Scully wollte sich gerade über die quasi-wissenschaftlichen Erklärungen des Revelator hermachen - sie war ebenso berühmt wie berüchtigt im ganzen alt.revelations.* Zweig für ihre harschen Kritiken - als auf einmal eine Nachricht im Radio ihre Aufmerksamkeit erregte.

"Wie gerade bekannt gegeben wurde, wurde heute am frühen Morgen Kardinal Verhoofen tot in seinem Zimmer aufgefunden. Wie Kirchenvertreten mitteilten, verstarb er friedlich während des Schlafes, über die genaue Todesursache wurden keine weiteren Informationen bekannt. Der aus der Region um Washington stammende Verhoofen galt stets als Vertreter für einen offene Kirche, die den Kontakt zu jeden einzelnen Gläubigen sucht und diesen aktiv am kirchlichen Leben teilhaben lässt. Auch in der Predigt, die er gestern abend während einer Messe hier in Washington, DC hielt, forderte er die Anwesenden dazu auf, offen aufeinander und auf die Kirche zuzugehen, um auf diese Weise christliches Nächstenliebe aufgrund von gegenseitiger Offenheit und Zuwendung praktizieren zu können."

Auf die Worte des Nachrichtensprecher folgte ein kurzer Auszug aus der erwähnten Predigt. Schon die ersten Worte ließen Scully erschaudern. Der Mann auf dem Videoband hatte zwar versucht, seine Stimme zu verstellen, aber sie erkannte dennoch sofort, dass diese im Radio mit der auf dem Video übereinstimmten. Kamen die Informationen, die Mulder erhalten hatte, etwa doch näher an die Wahrheit heran als sie gedacht hatte?

Wie auf ein geheimes Stimmwort betrat Mulder in diesem Moment, beladen mit mehreren Tüten Mittagessen, das Büro. Sofort bemerkte er die unbehagliche Stimmung von Scully, ließ die Tüten fallen und zog seine Waffe. Mit einem lauten Krach fiel das Essen auf dem Boden und verteilte sich dort augenblicklich.

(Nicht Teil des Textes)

lemma grad_inner_add:
  fixes f :: "'a::euclidean_space \<Rightarrow> real"
  assumes "f differentiable (at x)"
  shows "grad (\<lambda>y. v \<bullet> y + f y) x = v + grad f x"
proof (rule grad_eqI)
  have "((\<lambda>y. v \<bullet> y) has_derivative (\<lambda>h. v \<bullet> h)) (at x)"
    by (intro bounded_linear_imp_has_derivative bounded_linear_inner_right)
  from has_derivative_add[OF this has_derivative_grad[OF assms]]
  show "((\<lambda>y. v \<bullet> y + f y) has_derivative (\<lambda>h. (v + grad f x) \<bullet> h)) (at x)"
    by (simp add: inner_add_left)
qed

lemma differentiable_partial_fst:
  assumes "(\<lambda>q. f (fst q) (snd q)) differentiable (at (x, y))"
  shows "(\<lambda>u. f u y) differentiable (at x)"
  using differentiable_chain_at[of "\<lambda>u. (u, y)" x, OF _ assms]
  by (simp add: o_def differentiable_Pair)

lemma differentiable_partial_snd:
  assumes "(\<lambda>q. f (fst q) (snd q)) differentiable (at (x, y))"
  shows "(\<lambda>v. f x v) differentiable (at y)"
  using differentiable_chain_at[of "\<lambda>v. (x, v)" y, OF _ assms]
  by (simp add: o_def differentiable_Pair)

lemma grad_bilinear_add_fst:
  fixes C :: "real^'m^'n" and U :: "real^'n \<Rightarrow> real^'m \<Rightarrow> real"
  assumes "(\<lambda>q. U (fst q) (snd q)) differentiable (at (x, y))"
  shows "grad (\<lambda>u. u \<bullet> (C *v y) + U u y) x = C *v y + grad (\<lambda>u. U u y) x"
  using grad_inner_add[OF differentiable_partial_fst[OF assms], of "C *v y"]
  by (simp add: inner_commute)

lemma grad_bilinear_add_snd:
  fixes C :: "real^'m^'n" and U :: "real^'n \<Rightarrow> real^'m \<Rightarrow> real"
  assumes "(\<lambda>q. U (fst q) (snd q)) differentiable (at (x, y))"
  shows "grad (\<lambda>v. x \<bullet> (C *v v) + U x v) y = transpose C *v x + grad (\<lambda>v. U x v) y"
  using grad_inner_add[OF differentiable_partial_snd[OF assms], of "transpose C *v x"]
  by (simp add: dot_lmul_matrix)

lemma inner_matrix_vector_symmetric:
  fixes A :: "real^'n^'n"
  assumes "transpose A = A"
  shows "x \<bullet> (A *v y) = (A *v x) \<bullet> y"
  by (metis assms dot_lmul_matrix transpose_matrix_vector inner_commute)

lemma finite_eigenvalues_symmetric:
  fixes A :: "real^'n^'n"
  assumes sym: "transpose A = A"
  shows "finite {l. is_eigenvalue A l}"
proof -
  define E where "E = {l. is_eigenvalue A l}"
  have "\<forall>l\<in>E. \<exists>v. v \<noteq> 0 \<and> A *v v = l *\<^sub>R v"
    unfolding E_def is_eigenvalue_def by blast
  then obtain ev where ev: "\<And>l. l \<in> E \<Longrightarrow> ev l \<noteq> 0 \<and> A *v ev l = l *\<^sub>R ev l"
    using bchoice by metis
  have orth: "ev l \<bullet> ev k = 0" if "l \<in> E" "k \<in> E" "l \<noteq> k" for l k
  proof -
    have "l * (ev l \<bullet> ev k) = (A *v ev l) \<bullet> ev k" using ev[OF that(1)] by simp
    also have "\<dots> = ev l \<bullet> (A *v ev k)" using inner_matrix_vector_symmetric[OF sym] by simp
    also have "\<dots> = k * (ev l \<bullet> ev k)" using ev[OF that(2)] by simp
    finally show ?thesis using that(3) by simp
  qed
  have "inj_on ev E"
    by (rule inj_onI) (metis ev inner_eq_zero_iff orth)
  moreover have "independent (ev ` E)"
    by (rule pairwise_orthogonal_independent) (auto simp: pairwise_def orthogonal_def ev intro!: orth)
  ultimately show ?thesis
    using independent_bound finite_imageD unfolding E_def by blast
qed

lemma quadratic_nonneg_imp_linear_coeff_zero:
  fixes d e :: real
  assumes "\<And>t. 0 \<le> 2 * t * d + t^2 * e"
  shows "d = 0"
proof (rule ccontr)
  assume "d \<noteq> 0"
  define a where "a = \<bar>e\<bar> + 2"
  have a: "a > 0" "e \<le> a" by (auto simp: a_def)
  define t where "t = - d / a"
  have "2 * t * d + t^2 * e \<le> 2 * t * d + t^2 * a"
    using a by (intro add_left_mono mult_left_mono) auto
  also have "\<dots> = - (d^2) / a"
    using a by (simp add: t_def field_simps power2_eq_square)
  also have "\<dots> < 0"
    using \<open>d \<noteq> 0\<close> a by simp
  finally show False using assms[of t] by simp
qed

lemma rayleigh_minimizer_eigenvector:
  fixes A :: "real^'n^'n"
  assumes sym: "transpose A = A"
    and rayleigh: "\<And>x. \<mu> * (norm x)^2 \<le> x \<bullet> (A *v x)"
    and attained: "v \<bullet> (A *v v) = \<mu> * (norm v)^2"
  shows "A *v v = \<mu> *\<^sub>R v"
proof -
  define w where "w = A *v v - \<mu> *\<^sub>R v"
  have "0 \<le> 2 * t * (w \<bullet> w) + t^2 * (w \<bullet> (A *v w) - \<mu> * (norm w)^2)" for t
  proof -
    have "v \<bullet> (A *v w) = w \<bullet> (A *v v)"
      using inner_matrix_vector_symmetric[OF sym, of v w] by (simp add: inner_commute)
    then have "(v + t *\<^sub>R w) \<bullet> (A *v (v + t *\<^sub>R w))
        = v \<bullet> (A *v v) + 2 * t * (w \<bullet> (A *v v)) + t^2 * (w \<bullet> (A *v w))"
      by (simp add: matrix_vector_right_distrib matrix_vector_mult_scaleR inner_add_left
          inner_add_right power2_eq_square algebra_simps)
    moreover have "(norm (v + t *\<^sub>R w))^2 = (norm v)^2 + 2 * t * (v \<bullet> w) + t^2 * (norm w)^2"
      unfolding power2_norm_eq_inner using inner_commute[of w v]
      by (simp add: inner_add_left inner_add_right power2_eq_square algebra_simps)
    moreover have "w \<bullet> (A *v v) = w \<bullet> w + \<mu> * (v \<bullet> w)"
      unfolding w_def by (simp add: inner_diff_right inner_diff_left inner_commute algebra_simps)
    ultimately show ?thesis
      using rayleigh[of "v + t *\<^sub>R w"] attained by (simp add: algebra_simps)
  qed
  then have "w \<bullet> w = 0" by (rule quadratic_nonneg_imp_linear_coeff_zero)
  then show ?thesis unfolding w_def by simp
qed

lemma symmetric_matrix_rayleigh_eigenvalue:
  fixes A :: "real^'n^'n"
  assumes sym: "transpose A = A"
  shows "\<exists>\<mu>. is_eigenvalue A \<mu> \<and> (\<forall>x. \<mu> * (norm x)^2 \<le> x \<bullet> (A *v x))"
proof -
  define f where "f x = x \<bullet> (A *v x)" for x :: "real^'n"
  have "continuous_on (sphere 0 1) f"
    unfolding f_def by (intro continuous_intros linear_continuous_on matrix_vector_mul_bounded_linear)
  moreover have "sphere (0::real^'n) 1 \<noteq> {}" by simp
  ultimately obtain v where v: "v \<in> sphere 0 1" and v_min: "\<And>y. y \<in> sphere 0 1 \<Longrightarrow> f v \<le> f y"
    using continuous_attains_inf[OF compact_sphere] by blast
  have rayleigh: "f v * (norm x)^2 \<le> f x" for x
  proof (cases "x = 0")
    case False
    then have "f v \<le> f ((1 / norm x) *\<^sub>R x)" by (intro v_min) simp
    also have "\<dots> = f x / (norm x)^2"
      by (simp add: f_def matrix_vector_mult_scaleR power2_eq_square)
    finally show ?thesis using False by (simp add: field_simps)
  qed (simp add: f_def)
  have "norm v = 1" using v by simp
  then have "A *v v = f v *\<^sub>R v"
    using rayleigh by (intro rayleigh_minimizer_eigenvector[OF sym]) (auto simp: f_def)
  moreover have "v \<noteq> 0" using \<open>norm v = 1\<close> by auto
  ultimately have "is_eigenvalue A (f v)" unfolding is_eigenvalue_def by blast
  with rayleigh show ?thesis unfolding f_def by blast
qed

lemma lambda_min_symmetric:
  fixes A :: "real^'n^'n"
  assumes sym: "transpose A = A"
  shows is_eigenvalue_lambda_min: "is_eigenvalue A (lambda_min A)"
    and lambda_min_rayleigh: "lambda_min A * (norm x)^2 \<le> x \<bullet> (A *v x)"
proof -
  obtain \<mu> where \<mu>: "is_eigenvalue A \<mu>" and rayleigh: "\<And>x. \<mu> * (norm x)^2 \<le> x \<bullet> (A *v x)"
    using symmetric_matrix_rayleigh_eigenvalue[OF sym] by blast
  have "\<mu> \<le> l" if l: "is_eigenvalue A l" for l
  proof -
    obtain v where "v \<noteq> 0" "A *v v = l *\<^sub>R v" using l unfolding is_eigenvalue_def by blast
    then have "\<mu> * (norm v)^2 \<le> l * (norm v)^2"
      using rayleigh[of v] by (simp add: power2_norm_eq_inner)
    with \<open>v \<noteq> 0\<close> show ?thesis by simp
  qed
  then have "lambda_min A = \<mu>"
    unfolding lambda_min_def using \<mu> finite_eigenvalues_symmetric[OF sym] by (intro Min_eqI) auto
  with \<mu> rayleigh show "is_eigenvalue A (lambda_min A)" "lambda_min A * (norm x)^2 \<le> x \<bullet> (A *v x)"
    by auto
qed

lemma lambda_min_le_lambda_max:
  fixes A :: "real^'n^'n"
  assumes "transpose A = A"
  shows "lambda_min A \<le> lambda_max A"
  unfolding lambda_max_def
  using finite_eigenvalues_symmetric[OF assms] is_eigenvalue_lambda_min[OF assms]
  by (intro Max_ge) auto

lemma transpose_mult_transpose:
  fixes B :: "real^'m^'n"
  shows "transpose (B ** transpose B) = B ** transpose B"
  by (simp add: matrix_transpose_mul transpose_transpose)

lemma inner_mult_transpose:
  fixes B :: "real^'m^'n"
  shows "x \<bullet> ((B ** transpose B) *v x) = (norm (transpose B *v x))^2"
proof -
  have "x \<bullet> ((B ** transpose B) *v x) = (transpose B *v x) \<bullet> (transpose B *v x)"
    by (metis dot_lmul_matrix matrix_vector_mul_assoc transpose_matrix_vector)
  then show ?thesis by (simp add: power2_norm_eq_inner)
qed

lemma lambda_min_le_norm_transpose_vector:
  fixes B :: "real^'m^'n"
  shows "lambda_min (B ** transpose B) * (norm x)^2 \<le> (norm (transpose B *v x))^2"
  using lambda_min_rayleigh[OF transpose_mult_transpose] by (simp add: inner_mult_transpose)

lemma invertible_mult_vector_eq_zero:
  fixes B :: "real^'n^'n"
  assumes "invertible B" "B *v x = 0"
  shows "x = 0"
  using assms invertible_left_inverse matrix_left_invertible_ker by blast

lemma lambda_min_mult_transpose_pos:
  fixes B :: "real^'n^'n"
  assumes "invertible B"
  shows "0 < lambda_min (B ** transpose B)"
proof -
  obtain v where v: "v \<noteq> 0" "(B ** transpose B) *v v = lambda_min (B ** transpose B) *\<^sub>R v"
    using is_eigenvalue_lambda_min[OF transpose_mult_transpose] unfolding is_eigenvalue_def by auto
  have "transpose B *v v \<noteq> 0"
    using invertible_mult_vector_eq_zero[OF transpose_invertible[OF assms]] v(1) by blast
  then have "0 < v \<bullet> ((B ** transpose B) *v v)" by (simp add: inner_mult_transpose)
  then have "0 < lambda_min (B ** transpose B) * (v \<bullet> v)" using v(2) by simp
  moreover have "0 < v \<bullet> v" using v(1) by simp
  ultimately show ?thesis using zero_less_mult_pos2 by blast
qed

lemma is_eigenvalue_mult_transpose_swap:
  fixes B :: "real^'n^'n"
  assumes "invertible B" and "is_eigenvalue (B ** transpose B) l"
  shows "is_eigenvalue (transpose B ** B) l"
proof -
  obtain v where v: "v \<noteq> 0" "(B ** transpose B) *v v = l *\<^sub>R v"
    using assms(2) unfolding is_eigenvalue_def by auto
  have "(transpose B ** B) *v (transpose B *v v) = transpose B *v ((B ** transpose B) *v v)"
    by (simp only: matrix_vector_mul_assoc matrix_mul_assoc)
  also have "\<dots> = l *\<^sub>R (transpose B *v v)"
    using v(2) by (simp add: matrix_vector_mult_scaleR)
  finally have "(transpose B ** B) *v (transpose B *v v) = l *\<^sub>R (transpose B *v v)" .
  moreover have "transpose B *v v \<noteq> 0"
    using invertible_mult_vector_eq_zero[OF transpose_invertible[OF assms(1)]] v(1) by blast
  ultimately show ?thesis unfolding is_eigenvalue_def by blast
qed

lemma lambda_min_transpose_mult:
  fixes B :: "real^'n^'n"
  assumes "invertible B"
  shows "lambda_min (transpose B ** B) = lambda_min (B ** transpose B)"
proof -
  have "is_eigenvalue (transpose B ** B) l \<longleftrightarrow> is_eigenvalue (B ** transpose B) l" for l
    using is_eigenvalue_mult_transpose_swap[OF assms]
      is_eigenvalue_mult_transpose_swap[OF transpose_invertible[OF assms]]
    by auto
  then have "{l. is_eigenvalue (transpose B ** B) l} = {l. is_eigenvalue (B ** transpose B) l}"
    by blast
  then show ?thesis unfolding lambda_min_def by simp
qed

Scully drehte sich rasch um. "Mulder! Was haben Sie getan? Wieso werfen sie all diese Köstlichkeiten auf den Boden, nur um ihre Waffe zu ziehen?"

Sichtlich erleichtert atmete Mulder laut aus und steckte seine Waffe zurück in den Halfter. "Tut mir leid, Scully, und das meine ich jetzt ehrlich. Ich durfte fast eine halbe Stunde auf diese Köstlichkeiten warten und habe dem Besitzer noch einige Dollar extra gegeben, um auch wirklich frische Zutaten zu bekommen. Aber warum sitzen sie dann hier umgeben von einer Aura, als befände sich ein Psychopath in der Nähe?"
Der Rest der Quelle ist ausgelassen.